Pinocchio (So Ouat!) is a fun, although greatly abridged, retelling of the story of a puppet that becomes a real boy. As I recorded the synopsis for this book, I found the version a bit unique, but nonetheless enjoyable. Nicely enhanced with light animation, this is a book app that is as fun to watch as it is to read.
Characters in the book act out the scenes from each page and perform dialogue as it is read in the text. There isn't anything interactive about the illustrations, although tapping the screen does stop and start the narration (which highlights as read).
The only true interactivity present in this book is in the 'extra' - a unique drop down of each page's text that can be explored with several words highlighted. Tap on any of these words to get either a definition or image to help young readers expand their vocabulary. You can also switch this text to print or cursive (French or English), or set it to a mode that highlights all the vowels on the page.
This book doesn't have a page guide (which would be a nice addition), but my biggest complaint is that this title was impossible to set-up for reading without narration. Buttons to restart & play/pause are at the bottom of every page, but in the off mode there is no way to trigger the animation. This means you can read the text without narration, but you then miss almost all of the visual storytelling. The book is also permanently set to autoplay, even though you can swipe to turn pages.
In addition, I am a bit concerned about the sheer number of ways to leave this app. There are Facebook and Twitter icons that literally bounce, alongside icons of the developer's other apps that scroll constantly along the bottom of the title page - enticing youngsters. If you tap on any of the links, there is at least a warning asking you if you want to proceed, but these elements did give me pause as a parent.
Otherwise, this is a solidly made book from a nice series of fairy tale apps. They have lots of appeal for children with nicely enhanced stories, as well as a variety of interesting educational extras.
All reviews are of the app, not the platform/device. Based originally on iPad versions. Minor technical details may vary.

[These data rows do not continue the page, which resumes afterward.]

lemma sum_PiE_two_coords:
  assumes "finite C" "i < q" "j < q" "i \<noteq> j"
  shows "(\<Sum>xs\<in>PiE {..<q} (\<lambda>_. C). g (xs i) (xs j))
       = real (card C) ^ (q - 2) * (\<Sum>x\<in>C. \<Sum>y\<in>C. g x y)"
proof -
  define R where "R = {..<q} - {i, j}"
  have "{..<q} = insert i (insert j R)" and "i \<notin> insert j R" "j \<notin> R"
    using assms by (auto simp: R_def)
  then have "(\<Sum>xs\<in>PiE {..<q} (\<lambda>_. C). g (xs i) (xs j))
      = (\<Sum>a\<in>C. \<Sum>b\<in>C. \<Sum>xs\<in>PiE R (\<lambda>_. C). g a b)"
    using assms by (simp add: sum_PiE_insert)
  moreover have "card R = q - 2"
    using assms by (simp add: R_def card_Diff_subset)
  ultimately show ?thesis
    by (simp add: card_funcsetE R_def sum_distrib_left sum_distrib_right mult_ac)
qed

lemma sum_PiE_four_coords:
  assumes "finite C" "i < q" "j < q" "k < q" "l < q" "distinct [i, j, k, l]"
  shows "(\<Sum>xs\<in>PiE {..<q} (\<lambda>_. C). g (xs i) (xs j) * h (xs k) (xs l))
       = real (card C) ^ (q - 4) * (\<Sum>x\<in>C. \<Sum>y\<in>C. g x y) * (\<Sum>x\<in>C. \<Sum>y\<in>C. h x y)"
proof -
  define R where "R = {..<q} - {i, j, k, l}"
  have "{..<q} = insert i (insert j (insert k (insert l R)))"
    and "i \<notin> insert j (insert k (insert l R))" "j \<notin> insert k (insert l R)" "k \<notin> insert l R"
      "l \<notin> R"
    using assms by (auto simp: R_def)
  then have "(\<Sum>xs\<in>PiE {..<q} (\<lambda>_. C). g (xs i) (xs j) * h (xs k) (xs l))
      = (\<Sum>a\<in>C. \<Sum>b\<in>C. \<Sum>c\<in>C. \<Sum>e\<in>C. \<Sum>xs\<in>PiE R (\<lambda>_. C). g a b * h c e)"
    using assms by (simp add: sum_PiE_insert)
  moreover have "card R = q - 4"
    using assms by (simp add: R_def card_Diff_subset)
  ultimately have "(\<Sum>xs\<in>PiE {..<q} (\<lambda>_. C). g (xs i) (xs j) * h (xs k) (xs l))
      = (\<Sum>a\<in>C. \<Sum>b\<in>C. g a b * (real (card C) ^ (q - 4) * (\<Sum>x\<in>C. \<Sum>y\<in>C. h x y)))"
    by (simp add: card_funcsetE R_def sum_distrib_left sum_distrib_right mult_ac)
  also have "\<dots> = real (card C) ^ (q - 4) * (\<Sum>x\<in>C. \<Sum>y\<in>C. g x y) * (\<Sum>x\<in>C. \<Sum>y\<in>C. h x y)"
    by (simp only: sum_distrib_right[symmetric]) (simp add: mult_ac)
  finally show ?thesis .
qed

abbreviation uniform_vectors :: "nat \<Rightarrow> 'a set \<Rightarrow> (nat \<Rightarrow> 'a) pmf" where
  "uniform_vectors q C \<equiv> pmf_of_set (PiE {..<q} (\<lambda>_. C))"

lemma PiE_lessThan_nonempty: "C \<noteq> {} \<Longrightarrow> PiE {..<q} (\<lambda>_. C) \<noteq> {}"
  by (simp add: PiE_eq_empty_iff)

lemma integrable_uniform_vectors [simp]:
  fixes g :: "(nat \<Rightarrow> 'a) \<Rightarrow> real"
  assumes "finite C" "C \<noteq> {}"
  shows "integrable (uniform_vectors q C) g"
  using assms by (intro integrable_measure_pmf_finite) (simp add: PiE_lessThan_nonempty finite_PiE)

lemma expectation_uniform_vectors:
  assumes "finite C" "C \<noteq> {}"
  shows "measure_pmf.expectation (uniform_vectors q C) g
       = (\<Sum>xs\<in>PiE {..<q} (\<lambda>_. C). g xs) / real (card C) ^ q"
  using assms by (simp add: integral_pmf_of_set PiE_lessThan_nonempty finite_PiE card_funcsetE)

lemma expectation_two_coords:
  assumes "finite C" "C \<noteq> {}" "i < q" "j < q" "i \<noteq> j"
  shows "measure_pmf.expectation (uniform_vectors q C) (\<lambda>xs. g (xs i) (xs j)) = pair_mean C g"
proof -
  have "q = q - 2 + 2"
    using assms by linarith
  then have "real (card C) ^ q = real (card C) ^ (q - 2) * real (card C) ^ 2"
    by (metis power_add)
  then show ?thesis
    using assms by (simp add: expectation_uniform_vectors sum_PiE_two_coords pair_mean_def card_gt_0_iff)
qed

lemma expectation_four_coords:
  assumes "finite C" "C \<noteq> {}" "i < q" "j < q" "k < q" "l < q" "distinct [i, j, k, l]"
  shows "measure_pmf.expectation (uniform_vectors q C) (\<lambda>xs. g (xs i) (xs j) * h (xs k) (xs l))
       = pair_mean C g * pair_mean C h"
proof -
  have "card {i, j, k, l} \<le> card {..<q}"
    using assms by (intro card_mono) auto
  then have "q = q - 4 + 2 + 2"
    using assms(7) by (simp add: card_insert_if)
  then have "real (card C) ^ q = real (card C) ^ (q - 4) * real (card C) ^ 2 * real (card C) ^ 2"
    by (metis power_add)
  then show ?thesis
    using assms by (simp add: expectation_uniform_vectors sum_PiE_four_coords pair_mean_def card_gt_0_iff)
qed

definition pair_sum :: "('a \<Rightarrow> 'a \<Rightarrow> real) \<Rightarrow> nat \<Rightarrow> (nat \<Rightarrow> 'a) \<Rightarrow> real" where
  "pair_sum V q xs = (\<Sum>(i, j)\<in>increasing_pairs q. V (xs i) (xs j))"

lemma expectation_pair_sum:
  assumes "finite C" "C \<noteq> {}"
  shows "measure_pmf.expectation (uniform_vectors q C) (pair_sum V q) = real (q choose 2) * pair_mean C V"
proof -
  have "measure_pmf.expectation (uniform_vectors q C) (pair_sum V q)
      = (\<Sum>(i, j)\<in>increasing_pairs q. measure_pmf.expectation (uniform_vectors q C) (\<lambda>xs. V (xs i) (xs j)))"
    unfolding pair_sum_def case_prod_unfold using assms by simp
  also have "\<dots> = (\<Sum>_\<in>increasing_pairs q. pair_mean C V)"
    by (intro sum.cong refl) (auto simp: increasing_pairs_def intro!: expectation_two_coords[OF assms])
  finally show ?thesis
    by (simp add: card_increasing_pairs)
qed
(* Let $T$ be a non-star tree containing an edge $xy$ with $d_T(x)=1$ and $d_T(y)\ge 3$. Suppose that for every neighbor $y'\ne x$ of $y$, the tree $T_{(y',y)}$ is a neighbor $F$-tree of $y$ which is not a single vertex (i.e. not isomorphic to $P_1$). Then there exists a $(T,x)$-well 2-placement.
   Context: All graphs are finite, simple and undirected; $P_k$ is the path on $k$ vertices. A non-star tree is a tree not isomorphic to a star $K_{1,m}$ for any $m\ge0$. For an edge $ab$ of a tree $T$, $T_{(a,b)}$ denotes the connected component containing $a$ in $T-\{ab\}$; it is a neighbor $F$-tree of $b$ if it is a path with at most $3$ vertices and, when it has exactly $3$ vertices, $a$ is an end vertex of it. A permutation $\sigma$ of $V(T)$ is a 2-placement of $T$ if $\sigma(a)\sigma(b)\notin E(T)$ for every edge $ab\in E(T)$; $\sigma(T)\subseteq T^k$ means $dist_T(\sigma(a),\sigma(b))\le k$ for every edge $ab$ of $T$. A fixed-point-free permutation $\sigma$ of $V(T)$ is a $(T,x)$-well 2-placement if (distances and degrees in $T$): (1) $\sigma$ is a 2-placement of $T$; (2) $\sigma(T)\subseteq T^6$; (3) $dist(x,\sigma(x))\le 2$; (4) $dist(w,\sigma(w))\le 3$ for every neighbor $w$ of $x$; (5) $dist(w,\sigma(w))\le 4$ for every $w$ of degree $1$; (6) every cycle of $\sigma$ (in its disjoint cycle decomposition) has length at most $5$. *)

theory Defs
  imports "HOL-Combinatorics.Permutations"
begin

definition simple_graph :: "'a set \<Rightarrow> ('a \<Rightarrow> 'a \<Rightarrow> bool) \<Rightarrow> bool" where
  "simple_graph V E \<longleftrightarrow> finite V \<and> (\<forall>u v. E u v \<longrightarrow> u \<in> V \<and> v \<in> V)
     \<and> (\<forall>u v. E u v \<longrightarrow> E v u) \<and> (\<forall>u. \<not> E u u)"

definition walk_from_to :: "('a \<Rightarrow> 'a \<Rightarrow> bool) \<Rightarrow> 'a \<Rightarrow> 'a \<Rightarrow> 'a list \<Rightarrow> bool" where
  "walk_from_to E u v xs \<longleftrightarrow> xs \<noteq> [] \<and> hd xs = u \<and> last xs = v \<and> successively E xs"

definition connected_graph :: "'a set \<Rightarrow> ('a \<Rightarrow> 'a \<Rightarrow> bool) \<Rightarrow> bool" where
  "connected_graph V E \<longleftrightarrow> (\<forall>u\<in>V. \<forall>v\<in>V. \<exists>xs. walk_from_to E u v xs)"

definition acyclic_graph :: "('a \<Rightarrow> 'a \<Rightarrow> bool) \<Rightarrow> bool" where
  "acyclic_graph E \<longleftrightarrow> \<not> (\<exists>xs. length xs \<ge> 3 \<and> distinct xs \<and> successively E xs \<and> E (last xs) (hd xs))"

definition is_tree :: "'a set \<Rightarrow> ('a \<Rightarrow> 'a \<Rightarrow> bool) \<Rightarrow> bool" where
  "is_tree V E \<longleftrightarrow> simple_graph V E \<and> V \<noteq> {} \<and> connected_graph V E \<and> acyclic_graph E"

definition is_star :: "'a set \<Rightarrow> ('a \<Rightarrow> 'a \<Rightarrow> bool) \<Rightarrow> bool" where
  "is_star V E \<longleftrightarrow> (\<exists>c\<in>V. (\<forall>u\<in>V. u \<noteq> c \<longrightarrow> E c u) \<and> (\<forall>u v. E u v \<longrightarrow> u = c \<or> v = c))"

definition deg :: "'a set \<Rightarrow> ('a \<Rightarrow> 'a \<Rightarrow> bool) \<Rightarrow> 'a \<Rightarrow> nat" where
  "deg V E u = card {v\<in>V. E u v}"

definition gdist :: "('a \<Rightarrow> 'a \<Rightarrow> bool) \<Rightarrow> 'a \<Rightarrow> 'a \<Rightarrow> nat" where
  "gdist E u v = (LEAST n. \<exists>xs. walk_from_to E u v xs \<and> length xs = Suc n)"

text \<open>T_(a,b): vertex set of the component containing a in T - {ab}.\<close>
definition comp_minus_edge :: "('a \<Rightarrow> 'a \<Rightarrow> bool) \<Rightarrow> 'a \<Rightarrow> 'a \<Rightarrow> 'a set" where
  "comp_minus_edge E a b =
     {v. \<exists>xs. walk_from_to (\<lambda>p q. E p q \<and> {p, q} \<noteq> {a, b}) a v xs}"

definition induced_path :: "('a \<Rightarrow> 'a \<Rightarrow> bool) \<Rightarrow> 'a set \<Rightarrow> 'a list \<Rightarrow> bool" where
  "induced_path E C xs \<longleftrightarrow> set xs = C \<and> distinct xs \<and>
     (\<forall>u\<in>C. \<forall>v\<in>C. E u v \<longleftrightarrow> (\<exists>i. Suc i < length xs \<and> {xs ! i, xs ! Suc i} = {u, v}))"

definition nbr_F_tree :: "('a \<Rightarrow> 'a \<Rightarrow> bool) \<Rightarrow> 'a \<Rightarrow> 'a \<Rightarrow> bool" where
  "nbr_F_tree E a b \<longleftrightarrow> E a b \<and>
     (let C = comp_minus_edge E a b in
        \<exists>xs. induced_path E C xs \<and> length xs \<le> 3 \<and>
             (length xs = 3 \<longrightarrow> (a = hd xs \<or> a = last xs)))"

definition cycle_len :: "('a \<Rightarrow> 'a) \<Rightarrow> 'a \<Rightarrow> nat" where
  "cycle_len s v = (LEAST k. k > 0 \<and> (s ^^ k) v = v)"

definition two_placement :: "('a \<Rightarrow> 'a \<Rightarrow> bool) \<Rightarrow> ('a \<Rightarrow> 'a) \<Rightarrow> bool" where
  "two_placement E s \<longleftrightarrow> (\<forall>a b. E a b \<longrightarrow> \<not> E (s a) (s b))"

definition well_2_placement :: "'a set \<Rightarrow> ('a \<Rightarrow> 'a \<Rightarrow> bool) \<Rightarrow> 'a \<Rightarrow> ('a \<Rightarrow> 'a) \<Rightarrow> bool" where
  "well_2_placement V E x s \<longleftrightarrow>
     s permutes V \<and> (\<forall>v\<in>V. s v \<noteq> v) \<and>
     two_placement E s \<and>
     (\<forall>a b. E a b \<longrightarrow> gdist E (s a) (s b) \<le> 6) \<and>
     gdist E x (s x) \<le> 2 \<and>
     (\<forall>w. E x w \<longrightarrow> gdist E w (s w) \<le> 3) \<and>
     (\<forall>w\<in>V. deg V E w = 1 \<longrightarrow> gdist E w (s w) \<le> 4) \<and>
     (\<forall>v\<in>V. cycle_len s v \<le> 5)"

end

theory Submission
  imports Defs
begin

text \<open>Apart from the pendant edge \<open>xy\<close>, the tree is a spider with centre \<open>y\<close> whose legs
  \<open>a - b\<close> or \<open>a - b - c\<close> start at the other neighbours \<open>a\<close> of \<open>y\<close>. Pair the legs by an
  involution with at most one fixed leg \<open>a0\<close>. The vertices of two paired legs are permuted among
  themselves by cycles of length 3 to 5, and \<open>x\<close>, \<open>y\<close> are absorbed by the cycles through \<open>a0\<close>
  (and its partner, if it has one); no edge is mapped onto an edge. All vertices lie within
  distance 3 of \<open>y\<close>, and every vertex is sent either to a neighbour or to a vertex at most 4 away
  via \<open>y\<close>, which gives the distance bounds.\<close>

section \<open>Walks, distances and involutions\<close>

lemma walk_from_to_closed:
  assumes "walk_from_to R u v xs" "u \<in> S" "\<And>a b. a \<in> S \<Longrightarrow> R a b \<Longrightarrow> b \<in> S"
  shows "v \<in> S"
proof -
  have "last xs \<in> S" if "successively R xs" "xs \<noteq> []" "hd xs \<in> S" for xs
    using that
  proof (induction xs rule: induct_list012)
    case (3 a b zs)
    then show ?case using assms(3)[of a b] by simp
  qed simp_all
  then show ?thesis using assms(1,2) unfolding walk_from_to_def by blast
qed

lemma walk_from_to_snoc: "walk_from_to R u v xs \<Longrightarrow> R v w \<Longrightarrow> walk_from_to R u w (xs @ [w])"
  unfolding walk_from_to_def by (auto simp: successively_append_iff)

lemma walk_from_to_append:
  "walk_from_to R u v xs \<Longrightarrow> walk_from_to R v w ys \<Longrightarrow> walk_from_to R u w (xs @ tl ys)"
  unfolding walk_from_to_def by (cases ys; cases "tl ys") (auto simp: successively_append_iff)

lemma walk_from_to_rev:
  "(\<And>a b. R a b \<Longrightarrow> R b a) \<Longrightarrow> walk_from_to R u v xs \<Longrightarrow> walk_from_to R v u (rev xs)"
  unfolding walk_from_to_def by (auto simp: hd_rev last_rev elim: successively_mono)

lemma gdist_le_walk: "walk_from_to E u v xs \<Longrightarrow> gdist E u v \<le> length xs - 1"
  unfolding gdist_def by (rule Least_le) (auto simp: walk_from_to_def)

lemma gdist_le_via:
  assumes "\<And>a b. E a b \<Longrightarrow> E b a"
    and "walk_from_to E u w xs" "walk_from_to E v w ys"
  shows "gdist E u v \<le> (length xs - 1) + (length ys - 1)"
proof -
  have "walk_from_to E u v (xs @ tl (rev ys))"
    using walk_from_to_append[OF assms(2) walk_from_to_rev[OF assms(1,3)]] .
  moreover have "xs \<noteq> []" "ys \<noteq> []" using assms(2,3) unfolding walk_from_to_def by auto
  ultimately show ?thesis using gdist_le_walk by fastforce
qed

lemma gdist_le_1: "E u v \<Longrightarrow> gdist E u v \<le> 1"
  using gdist_le_walk[of E u v "[u, v]"] by (simp add: walk_from_to_def)

lemma cycle_len_le: "0 < k \<Longrightarrow> (s ^^ k) v = v \<Longrightarrow> cycle_len s v \<le> k"
  unfolding cycle_len_def by (rule Least_le) simp

lemma permutes_if_periodic:
  assumes "finite V" "\<And>v. v \<in> V \<Longrightarrow> s v \<in> V" "\<And>v. v \<notin> V \<Longrightarrow> s v = v"
    and "\<And>v. v \<in> V \<Longrightarrow> \<exists>k>0. (s ^^ k) v = v"
  shows "s permutes V"
proof (rule bij_imp_permutes)
  have "V \<subseteq> s ` V"
  proof
    fix v assume "v \<in> V"
    then obtain k where "(s ^^ Suc k) v = v" using assms(4) gr0_implies_Suc by metis
    moreover have "(s ^^ k) v \<in> V" using \<open>v \<in> V\<close> assms(2) by (induction k) auto
    ultimately show "v \<in> s ` V" by (metis funpow.simps(2) image_eqI o_apply)
  qed
  then have "s ` V = V" using assms(2) by blast
  then show "bij_betw s V V" using assms(1) by (simp add: bij_betw_def eq_card_imp_inj_on)
qed (use assms(3) in blast)

lemma induced_path_adj_nth:
  assumes "induced_path E C xs" "i < length xs" "j < length xs"
  shows "E (xs ! i) (xs ! j) \<longleftrightarrow> i = Suc j \<or> j = Suc i"
proof -
  have d: "distinct xs" and C: "set xs = C" using assms(1) unfolding induced_path_def by auto
  have "{xs ! k, xs ! Suc k} = {xs ! i, xs ! j} \<longleftrightarrow> (k = i \<and> Suc k = j) \<or> (k = j \<and> Suc k = i)"
    if "Suc k < length xs" for k
    using that assms(2,3) nth_eq_iff_index_eq[OF d] by (auto simp: doubleton_eq_iff)
  then show ?thesis using assms unfolding induced_path_def by (auto simp: C[symmetric])
qed

lemma induced_path_rev_adj_nth:
  assumes "induced_path E C xs" "i < length xs" "j < length xs"
  shows "E (rev xs ! i) (rev xs ! j) \<longleftrightarrow> i = Suc j \<or> j = Suc i"
  using induced_path_adj_nth[OF assms(1), of "length xs - Suc i" "length xs - Suc j"] assms(2,3)
  by (auto simp: rev_nth)

lemma finite_involution_fixing_at_most_one:
  assumes "finite A"
  shows "\<exists>p. (\<forall>a\<in>A. p a \<in> A \<and> p (p a) = a) \<and> (\<forall>a\<in>A. \<forall>b\<in>A. p a = a \<and> p b = b \<longrightarrow> a = b)"
  using assms
proof (induction A rule: finite_induct)
  case (insert z F)
  then obtain p where p1: "\<forall>a\<in>F. p a \<in> F \<and> p (p a) = a"
    and p2: "\<forall>a\<in>F. \<forall>b\<in>F. p a = a \<and> p b = b \<longrightarrow> a = b" by blast
  show ?case
  proof (cases "\<exists>f\<in>F. p f = f")
    case True
    then obtain f where f: "f \<in> F" "p f = f" by blast
    define q where "q = p(z := f, f := z)"
    have "\<forall>a\<in>F. a \<noteq> f \<longrightarrow> p a \<noteq> f" using p1 f by metis
    then have "\<forall>a\<in>insert z F. q a \<in> insert z F \<and> q (q a) = a"
      using p1 f insert(2) unfolding q_def by auto
    moreover have "\<forall>a\<in>insert z F. q a \<noteq> a"
      using p2 f insert(2) unfolding q_def by auto
    ultimately show ?thesis by blast
  next
    case False
    define q where "q = p(z := z)"
    have "\<forall>a\<in>insert z F. q a \<in> insert z F \<and> q (q a) = a"
      using p1 insert(2) unfolding q_def by auto
    moreover have "\<forall>a\<in>insert z F. \<forall>b\<in>insert z F. q a = a \<and> q b = b \<longrightarrow> a = b"
      using False insert(2) unfolding q_def by auto
    ultimately show ?thesis by blast
  qed
qed simp

section \<open>The model spider and its placement\<close>

text \<open>\<open>Leg a j\<close> is the vertex at distance \<open>j + 1\<close> from the centre on the leg starting at \<open>a\<close>.\<close>
datatype 'b spider_vertex = Leaf | Centre | Leg 'b nat

fun spider_adj :: "'b spider_vertex \<Rightarrow> 'b spider_vertex \<Rightarrow> bool" where
  "spider_adj Leaf Centre = True"
| "spider_adj Centre Leaf = True"
| "spider_adj Centre (Leg a j) = (j = 0)"
| "spider_adj (Leg a j) Centre = (j = 0)"
| "spider_adj (Leg a i) (Leg b j) = (a = b \<and> (i = Suc j \<or> j = Suc i))"
| "spider_adj _ _ = False"

lemma spider_adj_sym: "spider_adj c d = spider_adj d c"
  by (cases c; cases d) auto

fun spider_depth :: "'b spider_vertex \<Rightarrow> nat" where
  "spider_depth Leaf = 1"
| "spider_depth Centre = 0"
| "spider_depth (Leg a j) = Suc j"

definition spider_model :: "'b set \<Rightarrow> ('b \<Rightarrow> nat) \<Rightarrow> 'b spider_vertex set" where
  "spider_model A len = {Leaf, Centre} \<union> {Leg a j |a j. a \<in> A \<and> j < len a}"

lemma Leaf_Centre_in_spider_model [simp]:
  "Leaf \<in> spider_model A len" "Centre \<in> spider_model A len"
  unfolding spider_model_def by auto

lemma Leg_in_spider_model: "Leg a j \<in> spider_model A len \<longleftrightarrow> a \<in> A \<and> j < len a"
  unfolding spider_model_def by auto

locale leg_pairing =
  fixes A :: "'b set" and len :: "'b \<Rightarrow> nat" and p :: "'b \<Rightarrow> 'b" and a0 :: 'b
  assumes len_2_or_3: "a \<in> A \<Longrightarrow> len a = 2 \<or> len a = 3"
    and pair_in: "a \<in> A \<Longrightarrow> p a \<in> A"
    and pair_pair: "a \<in> A \<Longrightarrow> p (p a) = a"
    and a0_in: "a0 \<in> A"
    and pair_fixed: "a \<in> A \<Longrightarrow> p a = a \<Longrightarrow> a = a0"
begin

abbreviation long :: "'b \<Rightarrow> bool" where "long a \<equiv> len a = 3"

abbreviation model :: "'b spider_vertex set" where "model \<equiv> spider_model A len"

lemma Leg_in_model: "Leg a j \<in> model \<longleftrightarrow> a \<in> A \<and> (j = 0 \<or> j = 1 \<or> (long a \<and> j = 2))"
  using len_2_or_3[of a] by (auto simp: Leg_in_spider_model)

Sophie Meyer (Adapted from Carlo Collodi)
10 - 12 Minutes
Based on non-digital book: No
Allows Own Narration:
Uses Motion: No
Age: 4 - 8
A woodcarver named Geppetto dreamed of having a son. One day he created a marionette that looked just like a child and was surprised to find the puppet walking & talking on its own the next morning. He named the puppet-boy "Pinocchio". While Geppetto is off at work that first day, a little cricket tells Pinocchio, "Never lie to your father and make sure you attend school!" But Pinocchio does not listen, preferring instead to have fun.
Instead of going to school, Pinocchio hangs out in town, eventually exploring the theater where he heard laughter. When he gets backstage he finds a costume and heads out on stage himself. His performance is a hit and he receives money from the troupe leader for his act. On his way home to give the money to Geppetto, Pinocchio gets distracted by a 'limping fox and blind cat'. They convince the foolish puppet-boy to plant the coins in a field to grow a 'money tree', but then run off with his money.
Then Pinocchio becomes tired and hungry, so he knocks on the door of a small house in the forest. A fairy answers the door and asks Pinocchio why he is not in school. Pinocchio lies, saying he was in school that very morning, causing his nose to grow. The more he lied the longer his nose became. Realizing he was bad at telling lies, Pinocchio promises the fairy that he will always tell the truth and go straight home to Geppetto.
Before arriving home, Pinocchio comes across a donkey cart with children riding & singing. They invite him to 'the land of toys' and despite his promise to the fairy he hops in. In Toyland, Pinocchio has a lot of fun, but one morning he wakes up as a donkey. He runs to a nearby beach and jumps in the sea which changes him back to a marionette. Before he can reach shore, though, he is swallowed by a large shark where he finds Geppetto who is also inside the sea creature.
Since the shark had a cold, the two are sneezed out into the ocean, freeing them to swim back to the beach. Glad to be home with his father, Pinocchio becomes a serious student. One night the fairy visits to reward Pinocchio for being such a good boy, making him into a real child. Geppetto is thrilled to find he has a 'real son' the next morning.